## Task requirements:
Under this line are the records; write out word for word the part that begins at the line containing "its whole support, so" and ends at the line containing "assms by linarith", and no more.

>>>>>

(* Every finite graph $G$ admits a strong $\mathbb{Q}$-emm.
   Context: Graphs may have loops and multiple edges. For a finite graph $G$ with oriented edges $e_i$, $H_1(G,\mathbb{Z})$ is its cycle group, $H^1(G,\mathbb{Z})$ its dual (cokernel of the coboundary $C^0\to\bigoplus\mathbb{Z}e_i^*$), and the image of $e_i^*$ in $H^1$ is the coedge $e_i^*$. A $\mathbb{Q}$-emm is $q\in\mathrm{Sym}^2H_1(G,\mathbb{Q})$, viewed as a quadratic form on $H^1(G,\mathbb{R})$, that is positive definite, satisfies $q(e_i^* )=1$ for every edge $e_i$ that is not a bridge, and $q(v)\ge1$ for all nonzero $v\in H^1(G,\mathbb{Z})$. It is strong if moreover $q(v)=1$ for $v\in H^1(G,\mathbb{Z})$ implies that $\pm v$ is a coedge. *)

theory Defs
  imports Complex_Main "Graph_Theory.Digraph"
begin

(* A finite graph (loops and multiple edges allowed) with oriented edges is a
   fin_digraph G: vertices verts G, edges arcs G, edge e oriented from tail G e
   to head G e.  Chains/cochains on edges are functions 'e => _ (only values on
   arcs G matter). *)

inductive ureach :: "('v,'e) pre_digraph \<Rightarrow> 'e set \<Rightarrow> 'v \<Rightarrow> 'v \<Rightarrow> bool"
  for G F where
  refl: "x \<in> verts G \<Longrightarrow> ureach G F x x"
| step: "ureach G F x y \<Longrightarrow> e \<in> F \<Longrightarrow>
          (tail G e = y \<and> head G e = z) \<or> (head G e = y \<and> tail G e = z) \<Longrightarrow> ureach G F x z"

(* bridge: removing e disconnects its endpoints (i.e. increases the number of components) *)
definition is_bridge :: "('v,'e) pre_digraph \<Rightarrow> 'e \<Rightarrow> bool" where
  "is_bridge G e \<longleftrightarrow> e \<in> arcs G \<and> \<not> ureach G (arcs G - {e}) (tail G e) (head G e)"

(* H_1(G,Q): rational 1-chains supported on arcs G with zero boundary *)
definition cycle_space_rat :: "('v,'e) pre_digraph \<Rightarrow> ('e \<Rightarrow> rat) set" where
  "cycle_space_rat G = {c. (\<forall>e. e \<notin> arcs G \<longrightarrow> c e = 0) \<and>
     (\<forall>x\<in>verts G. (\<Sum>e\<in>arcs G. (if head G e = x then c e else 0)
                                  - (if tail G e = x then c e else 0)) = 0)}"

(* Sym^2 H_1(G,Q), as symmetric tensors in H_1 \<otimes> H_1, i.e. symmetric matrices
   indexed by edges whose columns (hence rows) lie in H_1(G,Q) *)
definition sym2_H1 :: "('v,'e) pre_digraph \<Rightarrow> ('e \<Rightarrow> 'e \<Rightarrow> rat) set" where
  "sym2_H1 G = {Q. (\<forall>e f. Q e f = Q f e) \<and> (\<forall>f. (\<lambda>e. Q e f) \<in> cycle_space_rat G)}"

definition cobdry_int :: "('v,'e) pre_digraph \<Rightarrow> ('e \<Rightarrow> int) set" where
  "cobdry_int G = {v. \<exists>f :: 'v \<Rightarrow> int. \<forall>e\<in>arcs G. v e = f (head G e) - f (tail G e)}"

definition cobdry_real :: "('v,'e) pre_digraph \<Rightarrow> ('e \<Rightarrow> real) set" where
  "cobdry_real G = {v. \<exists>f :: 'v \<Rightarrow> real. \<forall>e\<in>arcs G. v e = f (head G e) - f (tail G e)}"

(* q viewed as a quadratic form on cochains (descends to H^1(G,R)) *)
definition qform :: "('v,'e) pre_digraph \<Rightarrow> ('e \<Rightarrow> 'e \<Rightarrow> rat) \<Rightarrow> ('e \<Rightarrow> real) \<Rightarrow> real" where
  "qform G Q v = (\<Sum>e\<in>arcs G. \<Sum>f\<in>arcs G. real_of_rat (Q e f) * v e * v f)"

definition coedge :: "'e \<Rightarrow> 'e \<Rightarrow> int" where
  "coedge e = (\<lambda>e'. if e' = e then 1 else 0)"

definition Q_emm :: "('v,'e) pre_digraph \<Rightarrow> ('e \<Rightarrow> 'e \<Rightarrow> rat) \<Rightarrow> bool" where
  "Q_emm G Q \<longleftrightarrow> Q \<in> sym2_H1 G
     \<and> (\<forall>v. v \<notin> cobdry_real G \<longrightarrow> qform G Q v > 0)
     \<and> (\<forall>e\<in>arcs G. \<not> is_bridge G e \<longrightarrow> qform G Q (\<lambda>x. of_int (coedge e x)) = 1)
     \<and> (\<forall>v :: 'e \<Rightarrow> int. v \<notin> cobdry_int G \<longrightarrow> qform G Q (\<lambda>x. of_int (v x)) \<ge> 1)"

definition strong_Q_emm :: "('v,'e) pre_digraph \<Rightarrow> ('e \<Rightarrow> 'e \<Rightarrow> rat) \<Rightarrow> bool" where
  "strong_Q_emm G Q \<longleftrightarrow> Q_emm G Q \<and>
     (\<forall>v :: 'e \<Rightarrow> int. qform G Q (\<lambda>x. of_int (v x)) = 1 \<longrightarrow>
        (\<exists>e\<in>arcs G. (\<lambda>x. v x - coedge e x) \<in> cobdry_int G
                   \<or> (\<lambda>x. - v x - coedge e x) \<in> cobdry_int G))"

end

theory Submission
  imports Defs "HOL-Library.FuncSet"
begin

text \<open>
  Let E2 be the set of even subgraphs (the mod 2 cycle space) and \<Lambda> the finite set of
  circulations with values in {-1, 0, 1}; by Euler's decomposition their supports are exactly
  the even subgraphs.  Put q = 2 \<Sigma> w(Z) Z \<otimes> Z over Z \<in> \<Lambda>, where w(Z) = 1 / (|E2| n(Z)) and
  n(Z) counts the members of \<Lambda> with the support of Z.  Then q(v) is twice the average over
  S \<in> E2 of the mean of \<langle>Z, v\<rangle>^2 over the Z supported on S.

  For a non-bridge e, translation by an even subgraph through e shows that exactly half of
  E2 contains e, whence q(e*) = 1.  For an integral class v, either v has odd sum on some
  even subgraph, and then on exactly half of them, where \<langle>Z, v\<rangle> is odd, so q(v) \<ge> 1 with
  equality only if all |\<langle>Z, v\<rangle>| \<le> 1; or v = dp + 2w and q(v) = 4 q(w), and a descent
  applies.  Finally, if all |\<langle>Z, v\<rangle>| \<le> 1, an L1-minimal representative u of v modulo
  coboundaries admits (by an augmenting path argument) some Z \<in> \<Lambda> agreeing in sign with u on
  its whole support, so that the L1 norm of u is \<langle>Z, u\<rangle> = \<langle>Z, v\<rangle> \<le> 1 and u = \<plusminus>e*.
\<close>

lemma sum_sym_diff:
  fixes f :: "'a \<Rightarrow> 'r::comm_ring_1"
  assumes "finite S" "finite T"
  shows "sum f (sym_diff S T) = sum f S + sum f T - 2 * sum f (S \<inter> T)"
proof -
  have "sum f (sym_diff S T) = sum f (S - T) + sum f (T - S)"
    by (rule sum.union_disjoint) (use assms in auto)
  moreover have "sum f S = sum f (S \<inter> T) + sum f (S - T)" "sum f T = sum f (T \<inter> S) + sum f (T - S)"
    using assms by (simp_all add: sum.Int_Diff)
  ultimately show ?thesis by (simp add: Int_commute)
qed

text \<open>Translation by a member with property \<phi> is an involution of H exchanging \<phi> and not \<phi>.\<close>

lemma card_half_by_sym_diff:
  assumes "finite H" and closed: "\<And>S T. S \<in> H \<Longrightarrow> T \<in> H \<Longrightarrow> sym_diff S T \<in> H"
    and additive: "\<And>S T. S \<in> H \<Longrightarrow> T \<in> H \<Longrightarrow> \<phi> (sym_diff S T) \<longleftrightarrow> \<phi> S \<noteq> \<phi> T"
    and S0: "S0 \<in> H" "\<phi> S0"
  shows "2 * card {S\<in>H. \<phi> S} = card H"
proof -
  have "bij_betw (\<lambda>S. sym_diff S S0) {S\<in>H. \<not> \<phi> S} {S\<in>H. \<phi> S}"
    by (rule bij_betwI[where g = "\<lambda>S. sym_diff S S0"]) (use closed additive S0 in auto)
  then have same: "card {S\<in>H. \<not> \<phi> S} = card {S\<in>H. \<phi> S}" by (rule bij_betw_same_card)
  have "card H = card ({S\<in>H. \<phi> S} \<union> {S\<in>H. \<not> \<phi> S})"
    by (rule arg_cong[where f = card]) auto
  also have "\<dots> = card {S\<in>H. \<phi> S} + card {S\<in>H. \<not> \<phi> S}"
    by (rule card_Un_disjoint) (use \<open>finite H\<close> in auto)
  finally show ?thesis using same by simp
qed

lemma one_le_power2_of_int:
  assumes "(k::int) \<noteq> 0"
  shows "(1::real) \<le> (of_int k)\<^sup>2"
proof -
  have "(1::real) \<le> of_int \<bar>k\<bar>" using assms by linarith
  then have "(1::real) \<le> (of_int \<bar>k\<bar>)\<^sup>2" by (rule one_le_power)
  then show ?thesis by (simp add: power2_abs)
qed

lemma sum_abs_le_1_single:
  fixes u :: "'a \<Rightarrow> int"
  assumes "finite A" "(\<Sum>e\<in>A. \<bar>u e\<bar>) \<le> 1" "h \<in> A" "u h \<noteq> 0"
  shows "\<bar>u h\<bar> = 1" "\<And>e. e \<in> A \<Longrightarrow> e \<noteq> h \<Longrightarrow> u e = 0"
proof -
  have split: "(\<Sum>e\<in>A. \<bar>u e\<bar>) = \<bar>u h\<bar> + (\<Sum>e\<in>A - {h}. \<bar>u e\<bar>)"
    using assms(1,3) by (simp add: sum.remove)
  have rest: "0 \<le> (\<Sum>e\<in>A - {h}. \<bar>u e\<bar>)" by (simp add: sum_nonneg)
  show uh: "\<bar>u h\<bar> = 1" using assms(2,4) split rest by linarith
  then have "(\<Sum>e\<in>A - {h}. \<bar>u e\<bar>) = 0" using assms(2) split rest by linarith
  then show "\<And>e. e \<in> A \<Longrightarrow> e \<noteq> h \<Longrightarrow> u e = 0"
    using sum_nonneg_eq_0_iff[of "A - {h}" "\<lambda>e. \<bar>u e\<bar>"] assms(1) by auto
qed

<<<<<

## Response to this exercise:
  its whole support, so that the L1 norm of u is \<langle>Z, u\<rangle> = \<langle>Z, v\<rangle> \<le> 1 and u = \<plusminus>e*.
\<close>

lemma sum_sym_diff:
  fixes f :: "'a \<Rightarrow> 'r::comm_ring_1"
  assumes "finite S" "finite T"
  shows "sum f (sym_diff S T) = sum f S + sum f T - 2 * sum f (S \<inter> T)"
proof -
  have "sum f (sym_diff S T) = sum f (S - T) + sum f (T - S)"
    by (rule sum.union_disjoint) (use assms in auto)
  moreover have "sum f S = sum f (S \<inter> T) + sum f (S - T)" "sum f T = sum f (T \<inter> S) + sum f (T - S)"
    using assms by (simp_all add: sum.Int_Diff)
  ultimately show ?thesis by (simp add: Int_commute)
qed

text \<open>Translation by a member with property \<phi> is an involution of H exchanging \<phi> and not \<phi>.\<close>

lemma card_half_by_sym_diff:
  assumes "finite H" and closed: "\<And>S T. S \<in> H \<Longrightarrow> T \<in> H \<Longrightarrow> sym_diff S T \<in> H"
    and additive: "\<And>S T. S \<in> H \<Longrightarrow> T \<in> H \<Longrightarrow> \<phi> (sym_diff S T) \<longleftrightarrow> \<phi> S \<noteq> \<phi> T"
    and S0: "S0 \<in> H" "\<phi> S0"
  shows "2 * card {S\<in>H. \<phi> S} = card H"
proof -
  have "bij_betw (\<lambda>S. sym_diff S S0) {S\<in>H. \<not> \<phi> S} {S\<in>H. \<phi> S}"
    by (rule bij_betwI[where g = "\<lambda>S. sym_diff S S0"]) (use closed additive S0 in auto)
  then have same: "card {S\<in>H. \<not> \<phi> S} = card {S\<in>H. \<phi> S}" by (rule bij_betw_same_card)
  have "card H = card ({S\<in>H. \<phi> S} \<union> {S\<in>H. \<not> \<phi> S})"
    by (rule arg_cong[where f = card]) auto
  also have "\<dots> = card {S\<in>H. \<phi> S} + card {S\<in>H. \<not> \<phi> S}"
    by (rule card_Un_disjoint) (use \<open>finite H\<close> in auto)
  finally show ?thesis using same by simp
qed

lemma one_le_power2_of_int:
  assumes "(k::int) \<noteq> 0"
  shows "(1::real) \<le> (of_int k)\<^sup>2"
proof -
  have "(1::real) \<le> of_int \<bar>k\<bar>" using assms by linarith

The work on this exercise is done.